As Nixon narrowly eked out a victory over Humphrey nationally, New Hampshire's results in 1968 made the state about 7% more Republican than the national average. As of 2024, this is the most recent election in which New Hampshire was not the most Republican state in New England, as Nixon won Vermont by a slightly wider margin.

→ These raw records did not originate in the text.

(* For every integer $n > 3$, there exists a permutation $p$ of $\{1,2,\ldots,n\}$ such that the number of distinct patterns contained in $p$ is greater than $\dfrac{2^{\,n - 2\sqrt{n}}}{\sqrt{n}}$.
   Context: Two sequences of distinct integers $q = q_1 q_2 \cdots q_k$ and $r = r_1 r_2 \cdots r_k$ of the same length are identically ordered if for all $i,j$, $q_i < q_j \iff r_i < r_j$. For a permutation $p = p_1 p_2 \cdots p_n$, a subsequence is $p_{i_1} p_{i_2}\cdots p_{i_k}$ with $i_1 < i_2 < \cdots < i_k$. A permutation $p$ contains a pattern $q$ (a permutation of $\{1,\ldots,k\}$) if some subsequence of $p$ of length $k$ is identically ordered with $q$. The number of distinct patterns contained in $p$ is the number of permutations $q$ (of any length $k \ge 0$ or $k\ge 1$) contained in $p$. *)

theory Defs
  imports Complex_Main
begin

text \<open>Permutations of {1..n} are represented as lists (one-line notation).\<close>

definition is_perm_of :: "nat \<Rightarrow> nat list \<Rightarrow> bool" where
  "is_perm_of n p \<longleftrightarrow> distinct p \<and> set p = {1..n}"

definition ident_ordered :: "nat list \<Rightarrow> nat list \<Rightarrow> bool" where
  "ident_ordered q r \<longleftrightarrow> length q = length r \<and>
     (\<forall>i < length q. \<forall>j < length q. (q ! i < q ! j \<longleftrightarrow> r ! i < r ! j))"

definition contains :: "nat list \<Rightarrow> nat list \<Rightarrow> bool" where
  "contains p q \<longleftrightarrow> is_perm_of (length q) q \<and>
     (\<exists>I. I \<subseteq> {..<length p} \<and> card I = length q \<and> ident_ordered (nths p I) q)"
lemma linear_interp_error:
  fixes f f' f'' :: "real \<Rightarrow> real"
  assumes ab: "a < b"
    and d1: "\<And>y. y \<in> {a..b} \<Longrightarrow> (f has_real_derivative f' y) (at y within {a..b})"
    and d2: "\<And>y. y \<in> {a..b} \<Longrightarrow> (f' has_real_derivative f'' y) (at y within {a..b})"
    and bound: "\<And>y. y \<in> {a..b} \<Longrightarrow> \<bar>f'' y\<bar> \<le> K"
    and s: "s \<in> {a..b}"
  shows "\<bar>f s - (f a + (f b - f a) / (b - a) * (s - a))\<bar> \<le> K * (b - a)\<^sup>2 / 8"
proof -
  define e where "e = f s - (f a + (f b - f a) / (b - a) * (s - a))"
  have "1 * e \<le> K * (s - a) * (b - s) / 2" and "-1 * e \<le> K * (s - a) * (b - s) / 2"
    unfolding e_def by (rule linear_interp_error_signed[OF ab _ d1 d2 bound s]; simp)+
  moreover have "K * (s - a) * (b - s) / 2 \<le> K * (b - a)\<^sup>2 / 8"
  proof -
    have "K \<ge> 0" using bound[of a] ab by force
    moreover have "(b - a)\<^sup>2 - 4 * ((s - a) * (b - s)) = (a + b - 2 * s)\<^sup>2"
      by (simp add: power2_eq_square algebra_simps)
    then have "4 * ((s - a) * (b - s)) \<le> (b - a)\<^sup>2"
      by (smt (verit) zero_le_power2)
    ultimately have "K * (4 * ((s - a) * (b - s))) \<le> K * (b - a)\<^sup>2"
      by (simp add: mult_left_mono)
    then show ?thesis by (simp add: field_simps)
  qed
  ultimately show ?thesis unfolding e_def[symmetric] abs_le_iff by linarith
qed

definition powr_kernel_integral :: "real \<Rightarrow> real \<Rightarrow> real \<Rightarrow> real \<Rightarrow> real" where
  "powr_kernel_integral e X a b = ((X - a) powr e - (X - b) powr e) / e"

lemma has_integral_powr_kernel:
  fixes X a b e :: real
  assumes e: "e > 0" and ab: "a \<le> b" and bX: "b \<le> X"
  shows "((\<lambda>s. (X - s) powr (e - 1)) has_integral powr_kernel_integral e X a b) {a..b}"
proof -
  define F where "F s = - ((X - s) powr e) / e" for s
  have "((\<lambda>s. (X - s) powr (e - 1)) has_integral F b - F a) {a..b}"
  proof (rule fundamental_theorem_of_calculus_interior[OF ab])
    have "continuous_on {a..b} (\<lambda>s. (X - s) powr e)"
      using e bX by (intro continuous_on_powr' continuous_intros) auto
    then show "continuous_on {a..b} F"
      unfolding F_def using e by (intro continuous_on_divide continuous_on_minus continuous_on_const) auto
    fix s assume "s \<in> {a<..<b}"
    then have "X - s > 0" using bX by auto
    then have "(F has_real_derivative (X - s) powr (e - 1)) (at s)"
      unfolding F_def using e by (auto intro!: derivative_eq_intros)
    then show "(F has_vector_derivative (X - s) powr (e - 1)) (at s)"
      by (simp add: has_real_derivative_iff_has_vector_derivative)
  qed
  then show ?thesis
    by (simp add: F_def powr_kernel_integral_def diff_divide_distrib)
qed

lemma weighted_integral_bound:
  fixes w g :: "real \<Rightarrow> real"
  assumes w: "(w has_integral W) {a..b}" and w_nonneg: "\<And>s. s \<in> {a..b} \<Longrightarrow> w s \<ge> 0"
    and g: "continuous_on {a..b} g" and bound: "\<And>s. s \<in> {a..b} \<Longrightarrow> \<bar>g s\<bar> \<le> C"
  shows "\<exists>E. ((\<lambda>s. w s * g s) has_integral E) {a..b} \<and> \<bar>E\<bar> \<le> C * W"
proof -
  have major: "norm (w s * g s) \<le> C * w s" if "s \<in> {a..b}" for s
    using w_nonneg[OF that] bound[OF that] by (simp add: abs_mult) (metis mult.commute mult_left_mono)
  have Cw: "((\<lambda>s. C * w s) has_integral C * W) {a..b}"
    by (rule has_integral_mult_right[OF w])
  have "(\<lambda>s. w s * g s) integrable_on {a..b}"
  proof (rule measurable_bounded_by_integrable_imp_integrable)
    have "w \<in> borel_measurable (lebesgue_on {a..b})"
      using w by (intro integrable_imp_measurable) blast
    moreover have "g \<in> borel_measurable (lebesgue_on {a..b})"
      using g by (intro continuous_imp_measurable_on_sets_lebesgue) auto
    ultimately show "(\<lambda>s. w s * g s) \<in> borel_measurable (lebesgue_on {a..b})"
      by (rule borel_measurable_times)
    show "(\<lambda>s. C * w s) integrable_on {a..b}" using Cw by blast
  qed (use major in auto)
  then obtain E where E: "((\<lambda>s. w s * g s) has_integral E) {a..b}" by blast
  have "norm (integral {a..b} (\<lambda>s. w s * g s)) \<le> integral {a..b} (\<lambda>s. C * w s)"
    using E Cw major by (intro integral_norm_bound_integral) auto
  then show ?thesis
    using E Cw by (auto simp: integral_unique[OF w] integral_unique[OF E])
qed

lemma product_integration_cell:
  fixes f f' f'' :: "real \<Rightarrow> real"
  assumes \<gamma>: "\<gamma> < 1" and ab: "a < b" and bX: "b \<le> X"
    and d1: "\<And>y. y \<in> {a..b} \<Longrightarrow> (f has_real_derivative f' y) (at y within {a..b})"
    and d2: "\<And>y. y \<in> {a..b} \<Longrightarrow> (f' has_real_derivative f'' y) (at y within {a..b})"
    and bound: "\<And>y. y \<in> {a..b} \<Longrightarrow> \<bar>f'' y\<bar> \<le> K"
  shows "\<exists>E. ((\<lambda>s. (X - s) powr (- \<gamma>) * f s) has_integral
      (f a + (f b - f a) / (b - a) * (X - a)) * powr_kernel_integral (1 - \<gamma>) X a b
        - (f b - f a) / (b - a) * powr_kernel_integral (2 - \<gamma>) X a b + E) {a..b}
    \<and> \<bar>E\<bar> \<le> K * (b - a)\<^sup>2 / 8 * powr_kernel_integral (1 - \<gamma>) X a b"
proof -
  define c where "c = (f b - f a) / (b - a)"
  define P where "P s = f a + c * (s - a)" for s
  define ker where "ker = (\<lambda>s. (X - s) powr (- \<gamma>))"
  have k1: "(ker has_integral powr_kernel_integral (1 - \<gamma>) X a b) {a..b}"
    using has_integral_powr_kernel[of "1 - \<gamma>" a b X] \<gamma> ab bX by (simp add: ker_def)
  have k2: "((\<lambda>s. (X - s) powr (1 - \<gamma>)) has_integral powr_kernel_integral (2 - \<gamma>) X a b) {a..b}"
    using has_integral_powr_kernel[of "2 - \<gamma>" a b X] \<gamma> ab bX by (simp add: algebra_simps)
  have "((\<lambda>s. P X * ker s - c * (X - s) powr (1 - \<gamma>)) has_integral
      P X * powr_kernel_integral (1 - \<gamma>) X a b - c * powr_kernel_integral (2 - \<gamma>) X a b) {a..b}"
    by (intro has_integral_diff has_integral_mult_right k1 k2)
  moreover have "P X * ker s - c * (X - s) powr (1 - \<gamma>) = ker s * P s" if "s \<in> {a..b}" for s
  proof -
    have powr_shift: "(X - s) powr (1 - \<gamma>) = (X - s) * ker s"
      using that bX powr_mult_base[of "X - s" "- \<gamma>"] by (simp add: ker_def)
    show ?thesis unfolding P_def powr_shift by (simp add: algebra_simps)
  qed
  ultimately have interpolant: "((\<lambda>s. ker s * P s) has_integral
      P X * powr_kernel_integral (1 - \<gamma>) X a b - c * powr_kernel_integral (2 - \<gamma>) X a b) {a..b}"
    by (rule has_integral_eq[rotated]) simp
  have "\<exists>E. ((\<lambda>s. ker s * (f s - P s)) has_integral E) {a..b}
      \<and> \<bar>E\<bar> \<le> K * (b - a)\<^sup>2 / 8 * powr_kernel_integral (1 - \<gamma>) X a b"
  proof (rule weighted_integral_bound[OF k1])
    show "continuous_on {a..b} (\<lambda>s. f s - P s)"
      unfolding P_def using DERIV_continuous_on[OF d1] by (intro continuous_intros)
    show "\<bar>f s - P s\<bar> \<le> K * (b - a)\<^sup>2 / 8" if "s \<in> {a..b}" for s
      unfolding P_def c_def by (rule linear_interp_error[OF ab d1 d2 bound that])
  qed (simp add: ker_def)
  then obtain E where E: "((\<lambda>s. ker s * (f s - P s)) has_integral E) {a..b}"
    and E_bound: "\<bar>E\<bar> \<le> K * (b - a)\<^sup>2 / 8 * powr_kernel_integral (1 - \<gamma>) X a b"
    by blast
  from has_integral_add[OF interpolant E]
  have "((\<lambda>s. (X - s) powr (- \<gamma>) * f s) has_integral
      P X * powr_kernel_integral (1 - \<gamma>) X a b - c * powr_kernel_integral (2 - \<gamma>) X a b + E) {a..b}"
    by (simp add: ker_def algebra_simps)
  with E_bound show ?thesis unfolding P_def c_def by blast
qed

Hillsborough County would not vote Democratic again until 1996, and Strafford County until 1992. Nixon had previously won New Hampshire in 1960 and would later win it again in 1972.

Nixon's victory was the first of six consecutive Republican victories in the state, as New Hampshire would not vote for a Democratic candidate again until Bill Clinton in 1992, after which it has always gone Democratic except in 2000 when George W. Bush narrowly won the state over Al Gore.